What is the difference between saving and investing?

Spending money can come naturally, but it’s not always clear how to make our money work for us. In this article, we’re going to break down the difference between saving and investing and provide three practical tips for you to make the most of your hard-earned cash.

So, what’s the difference between saving and investing?


Much like squirrels saving up acorns in a safe place until they need them again, think of saving as putting money aside for short-term goals or emergencies.

It’s like having a stash of cash that you can access when it’s needed. This might be for a holiday, birthdays, or an emergency such as replacing a household item.

You usually keep your savings in a savings account, and while it doesn’t earn a lot of interest, it’s safe and readily available when you want to spend it.



Different to saving, like a gardener planting an acorn with the intention of growing an oak tree, investing is about putting your money to work with the goal of earning a return over the long term.
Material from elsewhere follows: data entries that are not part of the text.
lemma leading_term:
  assumes val: "valuation_on_ring \<nu>"
    and G: "finite G" "G \<subseteq> gr_mod_reps \<nu> \<Psi> \<gamma>0"
    and a: "\<And>g. g \<in> G \<Longrightarrow> a g \<in> gr_ring_reps \<nu> \<Psi>"
    and f: "f \<noteq> 0" and approx: "f - (\<Sum>g\<in>G. gr_act (a g) g (\<nu> f)) \<in> Pgt \<nu> (\<nu> f)"
  obtains g \<delta> where "g \<in> G" "a g \<delta> \<noteq> 0" "\<delta> \<in> \<Psi>" "\<nu> (a g \<delta>) = \<delta>"
    "g (\<nu> f - \<delta>) \<noteq> 0" "\<nu> (g (\<nu> f - \<delta>)) = \<nu> f - \<delta>"
proof -
  let ?x = "\<nu> f"
  have "\<exists>g\<in>G. \<exists>\<delta>. a g \<delta> \<noteq> 0 \<and> a g \<delta> * g (?x - \<delta>) \<notin> Pgt \<nu> ?x"
  proof (rule ccontr)
    assume "\<not> ?thesis"
    then have "gr_act (a g) g ?x \<in> Pgt \<nu> ?x" if "g \<in> G" for g
      unfolding gr_act_def using that by (intro Pgt_sum[OF val]) auto
    then have "(\<Sum>g\<in>G. gr_act (a g) g ?x) \<in> Pgt \<nu> ?x" by (intro Pgt_sum[OF val])
    from Pgt_add[OF val approx this] have "f \<in> Pgt \<nu> ?x" by simp
    then show False using f unfolding Pgt_def by simp
  qed
  then obtain g \<delta> where g: "g \<in> G" and a0: "a g \<delta> \<noteq> 0"
    and big: "a g \<delta> * g (?x - \<delta>) \<notin> Pgt \<nu> ?x" by blast
  have g0: "g (?x - \<delta>) \<noteq> 0" using big unfolding Pgt_def by auto
  have "\<nu> (a g \<delta>) + \<nu> (g (?x - \<delta>)) \<le> ?x"
    using big valuation_mult[OF val a0 g0] unfolding Pgt_def by auto
  moreover have "\<delta> \<in> \<Psi>" "\<delta> \<le> \<nu> (a g \<delta>)" using a[OF g] a0 unfolding gr_ring_reps_def Pge_def by auto
  moreover have "?x - \<delta> \<le> \<nu> (g (?x - \<delta>))" using G(2) g g0 unfolding gr_mod_reps_def Pge_def by auto
  ultimately show ?thesis using that g a0 g0 sum_of_lower_bounds_eq by blast
qed

lemma fg_semigroup_module_if_gr_module_fg:
  assumes val: "valuation_on_ring \<nu>" and Psi: "convex_subgroup \<Psi>"
    and fg: "gr_module_fg \<nu> \<Psi> \<gamma>0"
  shows "fg_semigroup_module (Fbar \<nu> \<Psi>) (F_level \<nu> \<Psi> \<gamma>0)"
proof -
  obtain G where G: "finite G" "G \<subseteq> gr_mod_reps \<nu> \<Psi> \<gamma>0" "gr_mod_reps \<nu> \<Psi> \<gamma>0 \<subseteq> gr_span \<nu> \<Psi> G"
    using fg unfolding gr_module_fg_iff_span by blast
  define M where "M = {\<gamma>. \<exists>g\<in>G. g \<gamma> \<noteq> 0 \<and> \<nu> (g \<gamma>) = \<gamma>}"
  have "finite (\<Union>g\<in>G. {\<gamma>. g \<gamma> \<noteq> 0})" using G(1,2) unfolding gr_mod_reps_def by blast
  then have M_fin: "finite M" unfolding M_def by (rule finite_subset[rotated]) blast
  have M_sub: "M \<subseteq> F_level \<nu> \<Psi> \<gamma>0"
    using G(2) unfolding M_def F_level_def gr_mod_reps_def by force
  have "F_level \<nu> \<Psi> \<gamma>0 \<subseteq> {s + m | s m. s \<in> Fbar \<nu> \<Psi> \<and> m \<in> M}"
  proof
    fix x assume x: "x \<in> F_level \<nu> \<Psi> \<gamma>0"
    obtain f where f: "f \<noteq> 0" "\<nu> f - \<gamma>0 \<in> \<Psi>" "x = \<nu> f" using x unfolding F_level_def by blast
    then have "homog x f \<in> gr_span \<nu> \<Psi> G" using G(3) homog_mod_rep[of x \<gamma>0 \<Psi> f \<nu>]
      by (auto simp: Pge_def)
    then obtain a where a: "\<And>g. g \<in> G \<Longrightarrow> a g \<in> gr_ring_reps \<nu> \<Psi>"
      and eq: "gr_eq \<nu> (homog x f) (\<lambda>\<gamma>. \<Sum>g\<in>G. gr_act (a g) g \<gamma>)"
      unfolding gr_span_def by blast
    have "f - (\<Sum>g\<in>G. gr_act (a g) g (\<nu> f)) \<in> Pgt \<nu> (\<nu> f)"
      using eq f(3) unfolding gr_eq_def by (auto simp: homog_def elim: allE[of _ "\<nu> f"])
    then obtain g \<delta> where g: "g \<in> G" "g (x - \<delta>) \<noteq> 0" "\<nu> (g (x - \<delta>)) = x - \<delta>"
      and coeff: "a g \<delta> \<noteq> 0" "\<delta> \<in> \<Psi>" "\<nu> (a g \<delta>) = \<delta>"
      using leading_term[OF val G(1,2), of a f] a f by blast
    have "\<delta> \<in> Fbar \<nu> \<Psi>" unfolding Fbar_def using coeff by (auto intro!: exI[of _ "a g \<delta>"])
    moreover have "x - \<delta> \<in> M" unfolding M_def using g by blast
    moreover have "x = \<delta> + (x - \<delta>)" by simp
    ultimately show "x \<in> {s + m | s m. s \<in> Fbar \<nu> \<Psi> \<and> m \<in> M}" by blast
  qed
  moreover have "{s + m | s m. s \<in> Fbar \<nu> \<Psi> \<and> m \<in> M} \<subseteq> F_level \<nu> \<Psi> \<gamma>0"
    using F_level_closed[OF val Psi] M_sub by blast
  ultimately show ?thesis
    unfolding fg_semigroup_module_def using F_level_closed[OF val Psi] M_fin M_sub by blast
qed
lemma decode_correct:
  assumes lens: "\<forall>q<K. \<forall>n<F. length (v q n) = t"
    and accs: "\<forall>k<K. {f. f < F \<and> P f k = None} \<subseteq> A k"
    and k: "k < K" and n: "n < F"
    and m: "\<And>j. j < K \<Longrightarrow> j \<noteq> k \<Longrightarrow> m j = encode j (mask K F 1 (A j) v)"
  shows "decode k m (mask K F 1 (A k) v) (w k) n = v (w k) n"
proof (cases "P n k")
  case None
  then have "n \<in> A k"
    using accs k n by auto
  then show ?thesis
    using None demand_less k n unfolding decode_def mask_def by simp
next
  case (Some s)
  have s: "s < S" and ks: "k \<in> cols s"
    using Some entry_less k n unfolding cols_def by auto
  have "decode_piece m (mask K F 1 (A k) v) s k j = piece v s k j" if "j \<in> set (helpers s k)" for j
  proof -
    have j: "j \<in> cols s - {k}"
      using that helpers(2)[OF ks] by simp
    then have "m j = encode j (mask K F 1 (A j) v)"
      using m cols_subset by auto
    then show ?thesis
      by (rule decode_piece_correct[OF lens accs s ks j])
  qed
  then have pieces: "map (decode_piece m (mask K F 1 (A k) v) s k) (helpers s k)
      = map (piece v s k) (helpers s k)"
    by (rule map_cong[OF refl])
  have "decode k m (mask K F 1 (A k) v) (w k) n
      = concat (map (decode_piece m (mask K F 1 (A k) v) s k) (helpers s k))"
    unfolding decode_def using Some n by simp
  also have "\<dots> = concat (map (piece v s k) (helpers s k))"
    by (simp only: pieces)
  also have "\<dots> = v (w k) n"
    using concat_pieces[OF lens s ks] row_eqI[OF n k Some] by simp
  finally show ?thesis .
qed

lemma sum_offset: "(\<Sum>j<K. offset j S) = (\<Sum>s<S. card (occ K F P s) * seg_len s)"
proof -
  have "(\<Sum>j<K. offset j S) = (\<Sum>s<S. \<Sum>j<K. if j \<in> cols s then seg_len s else 0)"
    unfolding offset_def by (rule sum.swap)
  also have "\<dots> = (\<Sum>s<S. card (cols s) * seg_len s)"
    using cols_subset by (simp add: sum.If_cases Int_absorb1)
  finally show ?thesis
    by (simp add: card_cols)
qed

lemma normalized_segment_load:
  assumes "s < S" and "0 < t"
  shows "real (card (occ K F P s) * seg_len s) / (real K * real F * real t)
    = 1 / (real K * real F) + 1 / (real K * real F * (real (card (occ K F P s)) - 1))"
proof -
  define G where "G = real (card (occ K F P s))"
  have "1 < G"
    using card_occ_bounds[OF assms(1)] unfolding G_def by simp
  have "(G - 1) * real (seg_len s) = real t"
    using seg_len_mult[OF assms(1)] card_occ_bounds[OF assms(1)] unfolding G_def
    by (metis of_nat_1 of_nat_diff of_nat_mult one_le_numeral order_trans)
  then have "real (seg_len s) = real t / (G - 1)"
    using \<open>1 < G\<close> by (simp add: eq_divide_eq mult.commute)
  then have "real (card (occ K F P s) * seg_len s) / (real K * real F * real t)
      = G * (real t / (G - 1)) / (real K * real F * real t)"
    by (simp add: G_def)
  also have "\<dots> = 1 / (real K * real F) + 1 / (real K * real F * (G - 1))"
  proof -
    have split: "G * (T / (G - 1)) / (D * T) = 1 / D + 1 / (D * (G - 1))"
      if "D \<noteq> 0" "T \<noteq> 0" for D T :: real
      using that \<open>1 < G\<close> by (simp add: field_simps)
    show ?thesis
      by (rule split) (use K_pos F_pos \<open>0 < t\<close> in auto)
  qed
  finally show ?thesis
    unfolding G_def .
qed
lemma index_adj_conj_diag:
  assumes A: "A \<in> carrier_mat n n" and U: "U \<in> carrier_mat n n" and i: "i < n"
  shows "(adj_mat U * A * U) $$ (i,i) = (A *\<^sub>v col U i) \<bullet>c col U i"
proof -
  have "(adj_mat U * A * U) $$ (i,i) = (\<Sum>k<n. adj_mat U $$ (i,k) * (A * U) $$ (k,i))"
    using A U i by (simp add: assoc_mult_mat[of _ n n _ n _ n] mult_carrier_mat[of _ n n _ n] index_mult_mat_sum
        del: index_mult_mat(1))
  also have "\<dots> = (\<Sum>k<n. (A *\<^sub>v col U i) $ k * cnj (col U i $ k))"
    using A U i by (intro sum.cong refl) (simp add: index_mult_mat_sum index_mult_mat_vec_sum
        mult.commute del: index_mult_mat(1) index_mult_mat_vec)
  also have "\<dots> = (A *\<^sub>v col U i) \<bullet>c col U i"
    using U by (simp add: cscalar_prod_sum)
  finally show ?thesis .
qed

lemma index_mat_diag [simp]:
  "i < n \<Longrightarrow> j < n \<Longrightarrow> mat_diag n f $$ (i,j) = (if i = j then f i else 0)"
  "dim_row (mat_diag n f) = n" "dim_col (mat_diag n f) = n"
  by (auto simp: mat_diag_def)

lemma mat_diag_cong: "(\<And>i. i < n \<Longrightarrow> f i = g i) \<Longrightarrow> mat_diag n f = mat_diag n g"
  by (rule eq_matI) simp_all

lemma adj_mat_mat_diag: "adj_mat (mat_diag n f) = mat_diag n (\<lambda>i. cnj (f i))"
  by (rule eq_matI) auto

lemma mat_diag_minus:
  "mat_diag n f - mat_diag n g = mat_diag n (\<lambda>i. f i - g i :: 'a :: ab_group_add)"
  by (rule eq_matI) simp_all

lemma tr_mat_mat_diag: "tr_mat (mat_diag n f) = (\<Sum>i<n. f i)"
  by (simp add: tr_mat_def)

lemma tr_mat_mat_diag_mult:
  assumes "X \<in> carrier_mat n n"
  shows "tr_mat (mat_diag n f * X) = (\<Sum>i<n. f i * X $$ (i,i))"
  using assms by (simp add: mat_diag_mult_left tr_mat_def)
Instead of keeping your money in a savings account, you put it into things like stocks, bonds, or property. Your money won’t be quite as easy to access if an emergency comes up, but these investments have the potential to make your money grow faster.

However, investing also comes with the risk of possibly losing some or all of the money you put it. A gardener must keep an eye on their plant to help it grow, but a bad spell of weather can come along that kills the plant and leaves the gardener without even the original acorn. As a rule of thumb, higher possible returns mean higher risk.

Three top tips

Set some goals

Start by setting some goals for your money. Maybe you want to save up for a new laptop or plan for a gap year adventure. Having specific goals gives you a reason to save and invest, making it more exciting because you can see your progress toward something awesome.

  • Be realistic: Make sure your goal is realistic based on your income and current financial situation. Setting a goal that’s too ambitious can be discouraging, while a goal that’s too easy may not motivate you to save.
  • Break down larger goals into smaller, manageable milestones: For example, if your goal is to save £1,000 for a holiday in a year, aim to save £83 per month. Smaller milestones make the goal seem less daunting and allow you to track your progress.
  • Review your goals: Remember that adjusting your goals over time is perfectly fine as your financial circumstances change. The key is to consistently save and make adjustments when necessary to ensure you’re on track to achieve your financial aspirations. 

Build a savings safety net

Before diving into investments, start by creating a savings account for emergencies. Having this safety net will protect you from unexpected expenses, such as replacing a broken laptop or a dental bill.

  • Work out how much you should save for emergencies: As a rule of thumb, aim to save up the equivalent of what you spend over 3-6 months. This is the amount experts have found covers most emergencies. 
  • Create a separate savings account for the fund: Building an emergency fund takes time and discipline. To prevent the temptation of dipping into your emergency fund for non-emergencies, open a separate savings account specifically for this purpose. Choose an account with easy access to your funds. 
  • Top up the fund after using it: If you ever need to use your emergency fund for a genuine emergency, make it a priority to top the fund back up as soon as possible. Increase your monthly savings contributions until the fund is back at your goal level. 

Start small and steady when investing

You don't need a lot of money to start investing. In fact, you can begin with as little as £10 or £20. This way, you can learn the ropes without risking too much.

  • Learn About the Basics of Investing: The world of investing may seem complex, but it’s worth understanding. Start by learning about the stock market, where companies’ shares are bought and sold. You don’t need to become a financial expert, but having a basic understanding of how investments work can be empowering. 
  • Diversify Your Investments: Diversification is a fancy word that means not putting all your eggs in one basket. Instead of investing all your money in one company or one type of investment, spread it out. Diversification can help reduce the risk of losing all your money if one investment doesn’t perform well. A Stocks and Shares ISA (Individual Savings Account) can help you manage a diverse range of investments in one place. 
  • Start with Stocks and Shares ISA: Consider opening a Stocks and Shares ISA (Individual Savings Account) with a high-street bank. It will allow you to invest small amounts regularly and to manage a diverse range of investments – all within a normal banking app.


Saving and investing are both essential tools to make your money work for you. While saving provides security and easy to access funds, investing offers the potential for higher growth in the long-term but comes with risks.

Remember to set clear goals, build a savings safety net first and then start small and steady when you begin investing.

As you gain confidence and knowledge, you’ll be better equipped to make smart money decisions and set you on the path to financial freedom and success in the years to come. It’s your journey, and with the right tools and knowledge, you’ve got this!